Having these features built-in dramatically increased the team’s iteration speed. Tasks that previously took days, like configuring environments or troubleshooting driver issues, now take just hours, significantly shortening the ML team’s iteration cycles.
Now, all core ML workloads run on Modal. This includes:
- AI-powered transcription for every podcast episode on the platform
- Speaker counting and laughter detection for content analysis
- Audio quality scoring and post-production enhancements
Bonus: scaling batch audio processing to 1500 GPUs
As part of the process of training their own models, Zencastr needs to enrich historical audio data with new features. These large-scale batch jobs require high parallelization across GPUs.
These batch jobs are straightforward to set up on Modal:
- A Modal Function is used to download audio files from their servers. This happens via an S3 Gateway endpoint to avoid egress fees.
- The files only need to be downloaded once, because they’re then moved to a Modal Volume. This is Modal’s distributed storage primitive that enables fast reads.
- Multiple audio features are extracted at the same time, via different Modal Functions that all pull from the same Volume.
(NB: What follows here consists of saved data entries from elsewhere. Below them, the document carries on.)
(* Let $a,b\in\mathbb{Q}_3$ with $\gamma(a)=1$, $\gamma(b)=0$, and let $x=\sum_{t\ge0}x_t3^t\in\mathbb{Z}_3^*$ be such that $A_k\equiv0\pmod3$ for all $k\in\mathbb{N}$. Then $x$ is a solution of $x^3+ax=b$ if and only if the digits of $x$ satisfy the system of congruences $$x_0^3\equiv b_0\pmod3,\qquad x_0a_0+M_1(x_0)\equiv b_1\pmod3,$$ and for every $j\ge1$, $$x_{j-1}a_j+x_{j-2}a_{j+1}+\dots+x_0a_{2j-1}+S_{2j}^j+M_{2j}(x_0,\dots,x_{j-1})\equiv b_{2j}\pmod3,$$ $$(A_j-x_0x_j)x_j+x_{j-1}a_{j+1}+x_{j-2}a_{j+2}+\dots+x_0a_{2j}+S_{2j+1}^j+M_{2j+1}(x_0,\dots,x_{j-1})\equiv b_{2j+1}\pmod3,$$ where the integers $M$ are defined by $$3M_1(x_0)=x_0^3-b_0,\qquad 3M_2(x_0)=x_0a_0+M_1(x_0)-b_1,$$ $$3M_{2j+1}(x_0,\dots,x_{j-1})=x_{j-1}a_j+\dots+x_0a_{2j-1}+S_{2j}^j+M_{2j}(x_0,\dots,x_{j-1})-b_{2j},$$ $$3M_{2j+2}(x_0,\dots,x_j)=(A_j-x_0x_j)x_j+x_{j-1}a_{j+1}+\dots+x_0a_{2j}+S_{2j+1}^j+M_{2j+1}(x_0,\dots,x_{j-1})-b_{2j+1}.$$
   Context: Write $a=3^{\gamma(a)}(a_0+a_13+a_23^2+\dots)$, $b=3^{\gamma(b)}(b_0+b_13+b_23^2+\dots)$ in canonical form, with digits $a_j,b_j\in\{0,1,2\}$, $a_0,b_0\ne0$, $\gamma(a),\gamma(b)\in\mathbb{Z}$. $\mathbb{Z}_3^*$ is the set of $3$-adic units; $x\in\mathbb{Z}_3^*$ is written $x=x_0+x_13+x_23^2+\dots$ with $x_j\in\{0,1,2\}$, $x_0\ne0$. Define $A_0=x_0^2+a_0$ and, for $k\ge1$, $A_k=\frac{A_{k-1}}{3}+a_k+R_k$ with $R_k=\sum_{j=0}^kx_jx_{k-j}$. For $j\le k$, $P_k^j(x_0,\dots,x_{j-1})=\sum\frac{6}{m_0!\cdots m_{j-1}!}x_0^{m_0}\cdots x_{j-1}^{m_{j-1}}$, the sum over nonnegative integers $m_0,\dots,m_{j-1}$ with $\sum_{i=0}^{j-1}m_i=3$ and $\sum_{i=1}^{j-1}im_i=k$. For $s$ a positive integer define $$S_j^i=\begin{cases}\frac{P_{j-1}^i}{3}, & j=3s-1,\\ \frac{P_{j-1}^i}{3}+x_{j/3}^3, & j=3s,\\ \frac{P_{j-1}^i-x_{(j-1)/3}^3}{3}, & j=3s+1.\end{cases}$$ *)

theory Defs
  imports "HOL-Number_Theory.Cong"
begin

text \<open>3-adic numbers are represented by their digit sequences (functions nat \<Rightarrow> int
  with values in {0,1,2}).  For a with gamma(a) = 1 the number is
  a = 3 * (a_0 + a_1 3 + a_2 3^2 + ...); for b with gamma(b) = 0 it is
  b = b_0 + b_1 3 + ...; x in Z_3^* is x = x_0 + x_1 3 + ...\<close>

definition digits3 :: "(nat \<Rightarrow> int) \<Rightarrow> bool" where
  "digits3 d \<longleftrightarrow> (\<forall>t. d t \<in> {0, 1, 2})"

definition trunc3 :: "(nat \<Rightarrow> int) \<Rightarrow> nat \<Rightarrow> int" where
  "trunc3 d N = (\<Sum>t<N. d t * 3 ^ t)"

text \<open>x is a solution of x^3 + a x = b in Z_3, where a = 3 * (sum a_j 3^j) and
  b = sum b_j 3^j: equality in Z_3 means congruence modulo 3^N for every N.\<close>
definition is_solution :: "(nat \<Rightarrow> int) \<Rightarrow> (nat \<Rightarrow> int) \<Rightarrow> (nat \<Rightarrow> int) \<Rightarrow> bool" where
  "is_solution x a b \<longleftrightarrow>
     (\<forall>N. [trunc3 x N ^ 3 + (3 * trunc3 a N) * trunc3 x N = trunc3 b N] (mod 3 ^ N))"

definition Rk :: "(nat \<Rightarrow> int) \<Rightarrow> nat \<Rightarrow> int" where
  "Rk x k = (\<Sum>j\<le>k. x j * x (k - j))"

text \<open>A_0 = x_0^2 + a_0, A_k = A_{k-1}/3 + a_k + R_k (division is exact under the
  standing hypothesis that all A_k are divisible by 3).\<close>
primrec Aseq :: "(nat \<Rightarrow> int) \<Rightarrow> (nat \<Rightarrow> int) \<Rightarrow> nat \<Rightarrow> int" where
  "Aseq x a 0 = x 0 ^ 2 + a 0"
| "Aseq x a (Suc k) = Aseq x a k div 3 + a (Suc k) + Rk x (Suc k)"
During one run, Zencastr scaled up to 1,500 concurrent GPUs within minutes to enrich all of their podcast content. Despite the massive scale, Modal’s infrastructure was resilient and stable throughout. No additional devops work was required from Zencastr to make this happen.
Powering the future of podcasting
Zencastr continues to explore new ways to leverage Modal, like training voice-adjacent models.
Modal is proud to power Zencastr’s compute-heavy infrastructure as they build the future of AI-enabled podcasting.